---- SUPPLIED MATERIAL
(* Let $c\in\{1,\dots,C\}$, $\widehat x_c\in\mathcal X$, $w\in\mathcal W$, $\widehat\theta_c\in\Theta$ and $\rho_c\ge0$. Then \[\sup_{\mathbb Q\in\mathbb B_{Y|\widehat x_c}}\mathbb E_{\mathbb Q}[\ell_\lambda(\widehat x_c,Y,w)]=\inf_{\gamma>0}\Big\{\gamma\big(\rho_c-\Psi(\widehat\theta_c)\big)+\gamma\,\Psi\big(\widehat\theta_c-\gamma^{-1}\lambda(w,\widehat x_c)\big)+\Psi\big(\lambda(w,\widehat x_c)\big)\Big\},\] and the function of $\gamma$ being minimized on the right is convex on $(0,\infty)$.
   Context: Exponential family: $\nu$ a measure on $\mathcal Y\subseteq\mathbb R^m$, $h\ge0$, $T:\mathcal Y\to\mathbb R^p$; $f(y|\theta)=h(y)\exp(\langle\theta,T(y)\rangle-\Psi(\theta))$ density w.r.t. $\nu$, $\Theta=\{\theta\in\mathbb R^p:\int he^{\langle\theta,T\rangle}d\nu<\infty\}$, $\Psi(\theta)=\log\int h e^{\langle\theta,T\rangle}d\nu$ (so $\Psi=+\infty$ outside $\Theta$); the family is regular ($\Theta$ open, $T_1,\dots,T_p$ affinely independent). $\mathcal X\subseteq\mathbb R^n$, $\mathcal W$ a finite-dimensional set, $\lambda:\mathcal W\times\mathcal X\to\Theta$ jointly continuous. Log-loss: $\ell_\lambda(x,y,w)=\Psi(\lambda(w,x))-\langle T(y),\lambda(w,x)\rangle$. KL divergence $\mathrm{KL}(\mathbb P_1\|\mathbb P_2)=\mathbb E_{\mathbb P_1}[\log d\mathbb P_1/d\mathbb P_2]$. Conditional ambiguity set: $\mathbb B_{Y|\widehat x_c}$ is the set of distributions on $\mathcal Y$ with density $f(\cdot|\theta)$ for some $\theta\in\Theta$ with $\mathrm{KL}(f(\cdot|\theta)\|f(\cdot|\widehat\theta_c))\le\rho_c$. *)

theory Defs
  imports "HOL-Probability.Probability"
begin

definition expfam_Theta :: "'y measure \<Rightarrow> ('y \<Rightarrow> real) \<Rightarrow> ('y \<Rightarrow> 'p::real_inner) \<Rightarrow> 'p set" where
  "expfam_Theta nu h T =
     {\<theta>. (\<integral>\<^sup>+ y. ennreal (h y * exp (inner \<theta> (T y))) \<partial>nu) < \<infinity>}"

definition expfam_Psi :: "'y measure \<Rightarrow> ('y \<Rightarrow> real) \<Rightarrow> ('y \<Rightarrow> 'p::real_inner) \<Rightarrow> 'p \<Rightarrow> ereal" where
  "expfam_Psi nu h T \<theta> =
     (if \<theta> \<in> expfam_Theta nu h T
      then ereal (ln (enn2real (\<integral>\<^sup>+ y. ennreal (h y * exp (inner \<theta> (T y))) \<partial>nu)))
      else \<infinity>)"

definition expfam_density :: "'y measure \<Rightarrow> ('y \<Rightarrow> real) \<Rightarrow> ('y \<Rightarrow> 'p::real_inner) \<Rightarrow> 'p \<Rightarrow> 'y \<Rightarrow> real" where
  "expfam_density nu h T \<theta> y =
     h y * exp (inner \<theta> (T y) - real_of_ereal (expfam_Psi nu h T \<theta>))"

definition expfam_dist :: "'y measure \<Rightarrow> ('y \<Rightarrow> real) \<Rightarrow> ('y \<Rightarrow> 'p::real_inner) \<Rightarrow> 'p \<Rightarrow> 'y measure" where
  "expfam_dist nu h T \<theta> = density nu (\<lambda>y. ennreal (expfam_density nu h T \<theta> y))"

text \<open>Regular family: Theta open and T_1,...,T_p affinely independent, i.e. no nontrivial
  affine relation <a,T(y)> = b holds almost everywhere w.r.t. the base measure h nu.\<close>
definition expfam_regular :: "'y measure \<Rightarrow> ('y \<Rightarrow> real) \<Rightarrow> ('y \<Rightarrow> 'p::real_inner) \<Rightarrow> bool" where
  "expfam_regular nu h T \<longleftrightarrow>
     open (expfam_Theta nu h T) \<and>
     (\<forall>a b. (AE y in density nu (\<lambda>y. ennreal (h y)). inner a (T y) = b) \<longrightarrow> a = 0)"

definition expfam_logloss :: "'y measure \<Rightarrow> ('y \<Rightarrow> real) \<Rightarrow> ('y \<Rightarrow> 'p::real_inner)
    \<Rightarrow> ('w \<Rightarrow> 'x \<Rightarrow> 'p) \<Rightarrow> 'x \<Rightarrow> 'y \<Rightarrow> 'w \<Rightarrow> real" where
  "expfam_logloss nu h T lam x y w =
     real_of_ereal (expfam_Psi nu h T (lam w x)) - inner (T y) (lam w x)"

text \<open>KL(P1 || P2) = E_P1[log dP1/dP2] (natural log); the library's KL_divergence b M N
  is the divergence of N from M.\<close>
definition KL :: "'y measure \<Rightarrow> 'y measure \<Rightarrow> real" where
  "KL P1 P2 = KL_divergence (exp 1) P2 P1"

definition cond_ambiguity_set :: "'y measure \<Rightarrow> ('y \<Rightarrow> real) \<Rightarrow> ('y \<Rightarrow> 'p::real_inner)
    \<Rightarrow> 'p \<Rightarrow> real \<Rightarrow> 'y measure set" where
  "cond_ambiguity_set nu h T thetahat rho =
     {expfam_dist nu h T \<theta> | \<theta>. \<theta> \<in> expfam_Theta nu h T \<and>
        KL (expfam_dist nu h T \<theta>) (expfam_dist nu h T thetahat) \<le> rho}"

definition convex_on_ereal :: "real set \<Rightarrow> (real \<Rightarrow> ereal) \<Rightarrow> bool" where
  "convex_on_ereal S f \<longleftrightarrow> convex S \<and>
     (\<forall>x\<in>S. \<forall>y\<in>S. \<forall>t\<in>{0..1}.
        f ((1 - t) * x + t * y) \<le> ereal (1 - t) * f x + ereal t * f y)"

end

(*
  Write \<theta>0 for the centre, \<lambda> for \<lambda>(w, x_c) and Z = exp \<circ> \<Psi> for the partition function.
  ln Z is convex with gradient inequality ln Z(\<theta>') \<ge> ln Z(\<theta>) + E_\<theta><\<theta>' - \<theta>, T>, and
  KL(\<theta> || \<theta>0) = E_\<theta><\<theta> - \<theta>0, T> - ln Z(\<theta>) + ln Z(\<theta>0). Weak duality (sup \<le> inf) is the
  gradient inequality at \<theta> towards \<theta>0 - \<lambda>/\<gamma>, added to \<gamma> times the KL constraint.

  For the converse, restrict to the ray \<theta>0 - t\<lambda>, t \<ge> 0. With K(t) = \<Psi>(\<theta>0 - t\<lambda>) - \<Psi>(\<theta>0) and
  its continuous derivative m(t) = E_{\<theta>0 - t\<lambda>}<-\<lambda>, T>, the model at t has expected loss
  \<Psi>(\<lambda>) + m(t) and KL divergence t m(t) - K(t) from \<theta>0, while the dual objective at \<gamma> = 1/t
  is \<gamma>\<rho> + \<gamma>K(1/\<gamma>) + \<Psi>(\<lambda>) \<le> \<rho>/t + m(t) + \<Psi>(\<lambda>). If the divergence reaches \<rho> at some t > 0
  the two sides agree there; if \<rho> = 0 let t \<rightarrow> 0; otherwise the divergence stays below \<rho>,
  which bounds K on bounded parts of the ray, so by Fatou and the openness of \<Theta> the whole ray
  lies in \<Theta>, and t \<rightarrow> \<infinity> closes the gap. Convexity in \<gamma> is convexity of the perspective
  \<gamma>\<Psi>(\<theta>0 - \<lambda>/\<gamma>) of \<Psi>.
*)

theory Submission
  imports Defs
begin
--------
State how many lines above contain the word "bool", and nothing more.

2